Song by Debbie Reynolds and Frank Sinatra

from the album The Tender Trap
- B-side: "Canoodlin' Rag"
- Released: 1955
- Genre: Traditional pop, big band
- Label: MGM
- Songwriter: Sammy Cahn
- Composer: Jimmy Van Heusen

= (Love Is) The Tender Trap =

"(Love Is) The Tender Trap" is a popular song composed by Jimmy Van Heusen, with lyrics by Sammy Cahn.

It was written for the 1955 film The Tender Trap, where it was introduced by Debbie Reynolds and Frank Sinatra, who each sing the song separately. It was nominated for the Academy Award for Best Original Song, but lost to "Love Is a Many-Splendored Thing" from the film of the same name.
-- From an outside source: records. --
text \<open>Zonal harmonic polynomials of degrees 2 and 6 turn the design conditions into
  \<open>\<Sum>x\<in>Y. (u \<bullet> x)\<^sup>2 = N |u|\<^sup>2 / n\<close> and \<open>\<Sum>x\<in>Y. P\<^sub>6 (y \<bullet> x) = 0\<close> for unit \<open>y\<close>, where
  \<open>P\<^sub>6\<close> is the monic Gegenbauer polynomial. A combination of the two identities sums the
  non-negative polynomial \<open>t\<^sup>2 (t\<^sup>2 - \<alpha>\<^sup>2)\<^sup>2\<close> over \<open>Y\<close>; when \<open>N = |Y|\<close> attains the bound, the sum is
  already exhausted by the term \<open>x = y\<close>, so distinct points have inner products \<open>0\<close> or \<open>\<plusminus>\<alpha>\<close>,
  \<open>\<alpha>\<^sup>2 = 15 / (2 (n + 8))\<close>. Integrality of the bound leaves only \<open>n = 12\<close> and \<open>n = 92\<close>, where
  \<open>\<alpha>\<close> is irrational. Polarizing the degree 2 identity at two points with inner product \<open>\<plusminus>\<alpha>\<close>
  then exhibits \<open>\<alpha>\<close> as a rational number unless \<open>N \<in> {n, 2n}\<close>, which the bound excludes.\<close>

definition poly_one :: "('n::finite \<Rightarrow> nat) \<Rightarrow> real" where
  "poly_one a = (if a = (\<lambda>_. 0) then 1 else 0)"

definition mult_var :: "'n::finite \<Rightarrow> (('n \<Rightarrow> nat) \<Rightarrow> real) \<Rightarrow> ('n \<Rightarrow> nat) \<Rightarrow> real" where
  "mult_var i p a = (if a i = 0 then 0 else p (a(i := a i - 1)))"

definition diff_var :: "'n::finite \<Rightarrow> (('n \<Rightarrow> nat) \<Rightarrow> real) \<Rightarrow> ('n \<Rightarrow> nat) \<Rightarrow> real" where
  "diff_var i p a = real (a i + 1) * p (a(i := a i + 1))"

definition laplacian :: "(('n::finite \<Rightarrow> nat) \<Rightarrow> real) \<Rightarrow> ('n \<Rightarrow> nat) \<Rightarrow> real" where
  "laplacian p b = (\<Sum>i\<in>UNIV. real ((b i + 2) * (b i + 1)) * p (b(i := b i + 2)))"

definition mult_linear :: "real^'n::finite \<Rightarrow> (('n \<Rightarrow> nat) \<Rightarrow> real) \<Rightarrow> ('n \<Rightarrow> nat) \<Rightarrow> real" where
  "mult_linear v p a = (\<Sum>i\<in>UNIV. v$i * mult_var i p a)"

definition diff_dir :: "real^'n::finite \<Rightarrow> (('n \<Rightarrow> nat) \<Rightarrow> real) \<Rightarrow> ('n \<Rightarrow> nat) \<Rightarrow> real" where
  "diff_dir v p a = (\<Sum>i\<in>UNIV. v$i * diff_var i p a)"

definition mult_norm2 :: "(('n::finite \<Rightarrow> nat) \<Rightarrow> real) \<Rightarrow> ('n \<Rightarrow> nat) \<Rightarrow> real" where
  "mult_norm2 p a = (\<Sum>i\<in>UNIV. mult_var i (mult_var i p) a)"

lemma harmonic_poly_iff_laplacian: "harmonic_poly p \<longleftrightarrow> (\<forall>b. laplacian p b = 0)"
  by (simp add: harmonic_poly_def laplacian_def)

lemma mult_var_add: "mult_var i (\<lambda>b. f b + g b) = (\<lambda>a. mult_var i f a + mult_var i g a)"
  by (simp add: mult_var_def fun_eq_iff)

lemma mult_var_cmult: "mult_var i (\<lambda>b. c * f b) = (\<lambda>a. c * mult_var i f a)"
  by (simp add: mult_var_def fun_eq_iff)

lemma mult_var_sum: "mult_var i (\<lambda>b. \<Sum>j\<in>J. f j b) a = (\<Sum>j\<in>J. mult_var i (f j) a)"
  by (simp add: mult_var_def)

lemma diff_var_add: "diff_var i (\<lambda>b. f b + g b) a = diff_var i f a + diff_var i g a"
  by (simp add: diff_var_def algebra_simps)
A version by Frank Sinatra became a major hit in the United Kingdom, peaking at no. 2 in February 1956. It reached no. 7 in the US charts.

==Other recordings==
- Bing Crosby recorded the song in 1955 for use on his radio show and it was subsequently included in the box set The Bing Crosby CBS Radio Recordings (1954–56) issued by Mosaic Records (catalog MD7-245) in 2009.
- Debbie Reynolds (1956).
- Denny Dennis (1956).
- Ella Fitzgerald (1956).
- Frank Sinatra recorded it again in 1962 for his album Sinatra–Basie: An Historic Musical First.
- Sammy Davis Jr. – for his album The Wham of Sam (1961)
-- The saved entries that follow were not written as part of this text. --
lemma mrank_mcontract:
  assumes m: "matroid_on E N" and X: "finite X" "i \<notin> X"
  shows "mrank (mcontract N i) X + mrank N {i} = mrank N (insert i X)"
proof (cases "N {i}")
  case True
  have "mrank N {i} = 1"
    using mrank_eqI[of "{i}" "{i}" N] True card_mono[of "{i}"] by simp
  obtain B where B: "B \<subseteq> insert i X" "N B" "card B = mrank N (insert i X)"
    using mrank_witness[of N "insert i X"] matroid_on_indep_empty[OF m] X by blast
  then have "card {i} \<le> card B" using mrank_ge[of "insert i X" "{i}" N] True X by simp
  then obtain Z where Z: "{i} \<subseteq> Z" "Z \<subseteq> insert i B" "N Z" "card Z = card B"
    using matroid_augment[OF m B(2) True] by auto
  have "finite Z" using matroid_on_finite[OF m \<open>N Z\<close>] .
  have Y: "Z - {i} \<subseteq> X" "mcontract N i (Z - {i})" "card (Z - {i}) = card B - 1"
    using Z B X \<open>finite Z\<close> unfolding mcontract_def by (auto simp: True insert_absorb)
  have "mrank (mcontract N i) X = card (Z - {i})"
  proof (rule mrank_eqI[where N = "mcontract N i", OF X(1) Y(1,2)])
    fix W assume W: "W \<subseteq> X" "mcontract N i W"
    then have "N (insert i W)" "i \<notin> W" unfolding mcontract_def using True by auto
    then have "card (insert i W) \<le> card B"
      using mrank_ge[of "insert i X" "insert i W" N] W B X by auto
    then show "card W \<le> card (Z - {i})"
      using Y \<open>i \<notin> W\<close> finite_subset[OF W(1) X(1)] by simp
  qed
  then show ?thesis using Y \<open>mrank N {i} = 1\<close> \<open>card {i} \<le> card B\<close> B by simp
next
  case False
  then have loop: "N Y \<Longrightarrow> i \<notin> Y" for Y
    using matroid_on_indep_subset[OF m, of Y "{i}"] by auto
  have "{Y. Y \<subseteq> X \<and> mcontract N i Y} = {Y. Y \<subseteq> insert i X \<and> N Y}"
    using X(2) False loop unfolding mcontract_def by auto
  moreover have "mrank N {i} = 0"
    using mrank_eqI[of "{i}" "{}" N] matroid_on_indep_empty[OF m] loop
    by (force simp: subset_singleton_iff)
  ultimately show ?thesis unfolding mrank_def by simp
qed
- Billy Eckstine – for his album Don't Warry bout me (1962) "The Wham of Sam – Sammy Davis Jr.
- Robert Palmer – from the album Robert Palmer (1992), which was also used on the soundtrack of the film True Romance.
- Stacey Kent – included in her album Love Is...The Tender Trap (1998)
- Steve Lawrence – for his album Academy Award Losers (1964).